雨中に咲いた桜
2018/04/06
カテゴリ:馬のはなし / Pacallaオリジナル
満開の桜の下で選ばれし少女達が競い合う桜花賞。ゲートオープンからゴールの瞬間、どの部分を切り取っても絵になるこのレースを”世界で一番美しい競馬”だと思っている。
いやいや、仏オークスの方が美しいよ。と、おフランスの競馬ファンは言うだろけど、人工の美はどう頑張っても自然の美に敵わない。競馬の主役は世界中どこでもサラブレッド、着飾ったマダムやマドモアゼルでは無いのだよ。
そんな美しい桜花賞には、雲ひとつ無い春の青空が必要不可欠だ。
普段は「神さん?そんなもんおらん。」と邪険に神さんを扱っている罰当たりな私だが、桜花賞の日だけは、どうにか晴天にしておくれ…と毎年祈っている。自分勝手もいいところである。
しかし。春の神さんの中には、花見が嫌いな神さんもいるらしい。
お前らは桜なんて関係あらへん。春になると酒呑んでアホみたいに騒いどるだけやないか!喧しいねん!
と怒り、乱暴に春雨を降らせる。そんなことあらへんわい!と、胸を張って言えない酒好きな自分が甚だ情けない…。
1997年。第57回桜花賞は、不運にもこの神さんが空の上にいた年だった。
間断なくシトシト降る雨は、桜の花弁を無慈悲に散らさせ、景色を灰色に暈かした。春霞と言えば風流かもしれないが、華やかさには欠ける。
生涯一度の花舞台がこの天気。人間なら空に向かって舌打ちの一つでもやるシーンだ。
この舞台に進んだ18頭の馬達の中に、そんな荒んだ者はいなかった。生態系の王だ!と威張り散らす人間なんかより、サラブレッド達の方がずっと健気で品がある。
一番人気に推されたのはダンシングブレーヴの娘、キョウエイマーチ。
与えられた枠は8枠18番。旧阪神競馬場のマイルは、スタートしてすぐにコーナーが現れる奇天烈なコースだった。
府中芝2000m、中山芝1600mと同じく、阪神マイルの大外枠も「レース前から死んだも同然」と囁かれる最悪の枠番だ。
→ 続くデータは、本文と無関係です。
definition colorable :: "'a set set \<Rightarrow> nat \<Rightarrow> bool" where
  "colorable L n \<longleftrightarrow> (\<exists>c. coloring L n c)"

definition clique :: "'a set set \<Rightarrow> 'a set \<Rightarrow> bool" where
  "clique L Q \<longleftrightarrow> Q \<subseteq> vertices L \<and> (\<forall>u\<in>Q. \<forall>v\<in>Q. u \<noteq> v \<longrightarrow> {u, v} \<in> L)"

lemma chromatic_number_eq_Least: "chromatic_number L = (LEAST n. colorable L n)"
  unfolding chromatic_number_def colorable_def coloring_def ..

lemma chromatic_number_eqI:
  assumes "colorable L n" and "\<And>k. colorable L k \<Longrightarrow> n \<le> k"
  shows "chromatic_number L = n"
  unfolding chromatic_number_eq_Least using assms by (rule Least_equality)

lemma colorable_chromatic_number:
  assumes "colorable L n"
  shows "colorable L (chromatic_number L)"
  unfolding chromatic_number_eq_Least using assms by (rule LeastI)

lemma colorable_if_inj:
  assumes "inj c" and "\<forall>v\<in>vertices L. c v < n"
  shows "colorable L n"
  using assms unfolding colorable_def coloring_def by (metis injD)

lemma colorable_if_inj_simplicial_map:
  assumes "inj_on f (\<Union>M)" and "\<forall>H\<in>M. f ` H \<in> L" and "colorable L n"
  shows "colorable M n"
proof -
  obtain c where c: "coloring L n c"
    using assms(3) unfolding colorable_def by blast
  have "coloring M n (c \<circ> f)"
    unfolding coloring_def
  proof (intro conjI ballI allI impI)
    fix v assume "v \<in> vertices M"
    then have "{f v} \<in> L" using assms(2) unfolding vertices_def by force
    then show "(c \<circ> f) v < n" using c unfolding coloring_def vertices_def by simp
  next
    fix u v assume uv: "{u, v} \<in> M" "u \<noteq> v"
    then have "{f u, f v} \<in> L" and "f u \<noteq> f v"
      using assms(1,2) by (force, auto dest: inj_onD)
    then show "(c \<circ> f) u \<noteq> (c \<circ> f) v" using c unfolding coloring_def by simp
  qed
  then show ?thesis unfolding colorable_def by blast
qed

lemma coloring_clique:
  assumes "coloring L n c" and "clique L Q"
  shows "inj_on c Q" and "c ` Q \<subseteq> {..<n}"
  using assms unfolding coloring_def clique_def inj_on_def by blast+

lemma colorable_card_clique_le:
  assumes "colorable L n" and "clique L Q"
  shows "card Q \<le> n"
  using assms coloring_clique card_inj_on_le[of _ Q "{..<n}"]
  unfolding colorable_def by fastforce
lemma lengths_eq_weight_div:
  fixes w :: "(nat \<Rightarrow> nat) \<Rightarrow> nat"
  assumes "submonoid_of_free n H" "x \<in> H"
    and "\<And>x y. w (x + y) = w x + w y" "\<And>a. a \<in> atoms H \<Longrightarrow> w a = m" "0 < m"
  shows "lengths H x = {w x div m}"
proof -
  have "w 0 = 0" using assms(3)[of 0 0] by simp
  then have weight: "w (sum_list as) = m * length as" if "set as \<subseteq> atoms H" for as
    using that by (induction as) (simp_all add: assms(3,4))
  have "k = w x div m" if "k \<in> lengths H x" for k
  proof -
    from that obtain as where "length as = k" "set as \<subseteq> atoms H" "sum_list as = x"
      unfolding lengths_def by blast
    with weight have "w x = m * k" by blast
    with assms(5) show ?thesis by simp
  qed
  then have "lengths H x \<subseteq> {w x div m}" by blast
  moreover obtain as where "set as \<subseteq> atoms H" "sum_list as = x"
    using exists_atomic_factorization[OF assms(1,2)] by blast
  then have "lengths H x \<noteq> {}" unfolding lengths_def by blast
  ultimately show ?thesis by (simp add: subset_singleton_iff)
qed

lemma system_of_lengths_eq_singletons:
  fixes w :: "(nat \<Rightarrow> nat) \<Rightarrow> nat"
  assumes "submonoid_of_free n H" "a \<in> atoms H"
    and "\<And>x y. w (x + y) = w x + w y" "\<And>a. a \<in> atoms H \<Longrightarrow> w a = m" "0 < m"
  shows "system_of_lengths H = range (\<lambda>k. {k})"
proof -
  have singleton: "lengths H x = {w x div m}" if "x \<in> H" for x
    by (rule lengths_eq_weight_div[where w = w and m = m, OF assms(1) that assms(3-5)])
  have "{k} \<in> system_of_lengths H" for k
  proof -
    let ?x = "sum_list (replicate k a)"
    have "set (replicate k a) \<subseteq> atoms H" using assms(2) by auto
    moreover from this have "?x \<in> H"
      using sum_list_mem_submonoid[OF assms(1)] unfolding atoms_def by blast
    ultimately have "k \<in> lengths H ?x" "lengths H ?x \<in> system_of_lengths H"
      unfolding lengths_def system_of_lengths_def by (auto intro!: exI[of _ "replicate k a"])
    with singleton[OF \<open>?x \<in> H\<close>] show ?thesis by simp
  qed
  moreover have "system_of_lengths H \<subseteq> range (\<lambda>k. {k})"
    unfolding system_of_lengths_def by (rule image_subsetI) (simp add: singleton)
  ultimately show ?thesis by blast
qed

lemma not_atom_if_proper_part:
  fixes x y :: "nat \<Rightarrow> nat"
  assumes "y \<in> H" "x - y \<in> H" "y \<le> x" "y \<noteq> 0" "y \<noteq> x"
  shows "x \<notin> atoms H"
proof -
  have "x = y + (x - y)" using assms(3) by (simp add: le_fun_def fun_eq_iff)
  moreover have "x - y \<noteq> 0"
  proof -
    obtain i where "y i \<noteq> x i" using assms(5) by (auto simp: fun_eq_iff)
    with assms(3) have "y i < x i" by (simp add: le_fun_def le_neq_implies_less)
    then show ?thesis by (simp add: fun_eq_iff) (meson not_le)
  qed
  ultimately show ?thesis using assms(1,2,4) unfolding atoms_def by blast
qed

lemma atom_if_minimal_weight:
  fixes w :: "(nat \<Rightarrow> nat) \<Rightarrow> nat"
  assumes "\<And>x y. w (x + y) = w x + w y" "\<And>x. x \<in> H \<Longrightarrow> x \<noteq> 0 \<Longrightarrow> m \<le> w x" "0 < m"
    and "x \<in> H" "x \<noteq> 0" "w x = m"
  shows "x \<in> atoms H"
proof -
  have "\<not> (b \<in> H \<and> c \<in> H \<and> b \<noteq> 0 \<and> c \<noteq> 0 \<and> x = b + c)" for b c
  proof
    assume bc: "b \<in> H \<and> c \<in> H \<and> b \<noteq> 0 \<and> c \<noteq> 0 \<and> x = b + c"
    then have "w x = w b + w c" "m \<le> w b" "m \<le> w c" using assms(1,2) by auto
    with assms(3,6) show False by linarith
  qed
  with assms(4,5) show ?thesis unfolding atoms_def by blast
qed

lemma monoid_iso_sym:
  assumes "monoid_iso H H'" "submonoid_of_free n H"
  shows "monoid_iso H' H"
proof -
  obtain f where f: "bij_betw f H H'" "\<And>x y. x \<in> H \<Longrightarrow> y \<in> H \<Longrightarrow> f (x + y) = f x + f y"
    using assms(1) unfolding monoid_iso_def by blast
  let ?g = "inv_into H f"
  have "?g (x + y) = ?g x + ?g y" if "x \<in> H'" "y \<in> H'" for x y
  proof -
    have "?g x \<in> H" "?g y \<in> H" "f (?g x) = x" "f (?g y) = y"
      using f(1) that by (auto simp: bij_betw_def inv_into_into f_inv_into_f)
    moreover from this have "?g x + ?g y \<in> H"
      using assms(2) unfolding submonoid_of_free_def by blast
    ultimately show ?thesis
      using f by (metis bij_betw_imp_inj_on inv_into_f_f)
  qed
  then show ?thesis unfolding monoid_iso_def using bij_betw_inv_into[OF f(1)] by blast
qed

lemma additive_bij_image_atom:
  assumes "bij_betw f H H'" "\<And>x y. x \<in> H \<Longrightarrow> y \<in> H \<Longrightarrow> f (x + y) = f x + f y"
    and "submonoid_of_free n H" "a \<in> atoms H"
  shows "f a \<in> atoms H'"
proof -
  have H: "0 \<in> H" "\<And>x y. x \<in> H \<Longrightarrow> y \<in> H \<Longrightarrow> x + y \<in> H"
    using assms(3) unfolding submonoid_of_free_def by blast+
  have "f 0 = f 0 + f 0" using assms(2)[OF H(1) H(1)] by simp
  then have f0: "f 0 = 0" by simp
  have aH: "a \<in> H" "a \<noteq> 0" using assms(4) unfolding atoms_def by blast+
  have nonzero: "f x \<noteq> 0" if "x \<in> H" "x \<noteq> 0" for x
    using assms(1) H(1) f0 that by (metis bij_betw_imp_inj_on inj_onD)
  have "\<not> (b' \<in> H' \<and> c' \<in> H' \<and> b' \<noteq> 0 \<and> c' \<noteq> 0 \<and> f a = b' + c')" for b' c'
  proof
    assume b'c': "b' \<in> H' \<and> c' \<in> H' \<and> b' \<noteq> 0 \<and> c' \<noteq> 0 \<and> f a = b' + c'"
    define b c where "b = inv_into H f b'" and "c = inv_into H f c'"
    have bc: "b \<in> H" "c \<in> H" "f b = b'" "f c = c'"
      using assms(1) b'c' by (auto simp: b_def c_def bij_betw_def inv_into_into f_inv_into_f)
    then have "f (b + c) = f a" using assms(2) b'c' by simp
    with bc H(2) aH(1) have "a = b + c" using assms(1) by (metis bij_betw_imp_inj_on inj_onD)
    moreover have "b \<noteq> 0" "c \<noteq> 0" using bc b'c' f0 by auto
    ultimately show False using assms(4) bc unfolding atoms_def by blast
  qed
  moreover have "f a \<in> H'" using assms(1) aH(1) by (simp add: bij_betw_apply)
  ultimately show ?thesis using nonzero aH unfolding atoms_def by blast
qed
しかしマーチには牝馬らしからぬ卓越した筋肉から生成されるスピードがあった。馬との花見を敢行出来なかったファンは、不幸にもピンク色の枠に入ったマーチに桜を見せてくれと願った。
ゲートが開く。
好発を決めたのは絶好枠の1枠2番を引いたミニスカートと上村洋行。出脚快調、すぐさま逃げ態勢に入った。その外からマーチの進軍。少し早いよ。と合図する松永幹夫の手綱を引き千切らんばかりのスピードで、ミニスカートに迫った。
この2頭から3馬身ほど離れた後続は一団。この中にいた2歳女王、ライアンの娘メジロドーベルは、矢継ぎ早に迫り来る泥塊を浴びながら機を狙った。
3~4コーナ。依然、先行2騎は脚色が良い。そろそろ行くぞ。と、合図を出したのは吉田豊。エルプス以来となる、関東コンビの桜制覇を目指しドーベルと吉田は上がって行った。
マーチはギリギリまで引き付けた。来るなら来い。強気の姿勢を崩さず迎えた最後の直線。
ここまで一緒に頑張って来たミニスカートを一瞬で置き去りにし、一気にトップスピードへ加速。
本当に馬場は不良なのか?と疑ってしまうくらいマーチは速く、パワフルだった。
坂を一気に駆け上り、圧巻の勝利を飾った瞬間、ファンはそれまで雨に暈されていた桜にようやく出会えた。
あの雨の中、一心不乱にゴールを目指したキョウエイマーチ。
トレードマークの桜色のメンコには泥一つ付いていなかった。
私は、これほど美しい桜の花弁をまだ見たことがない。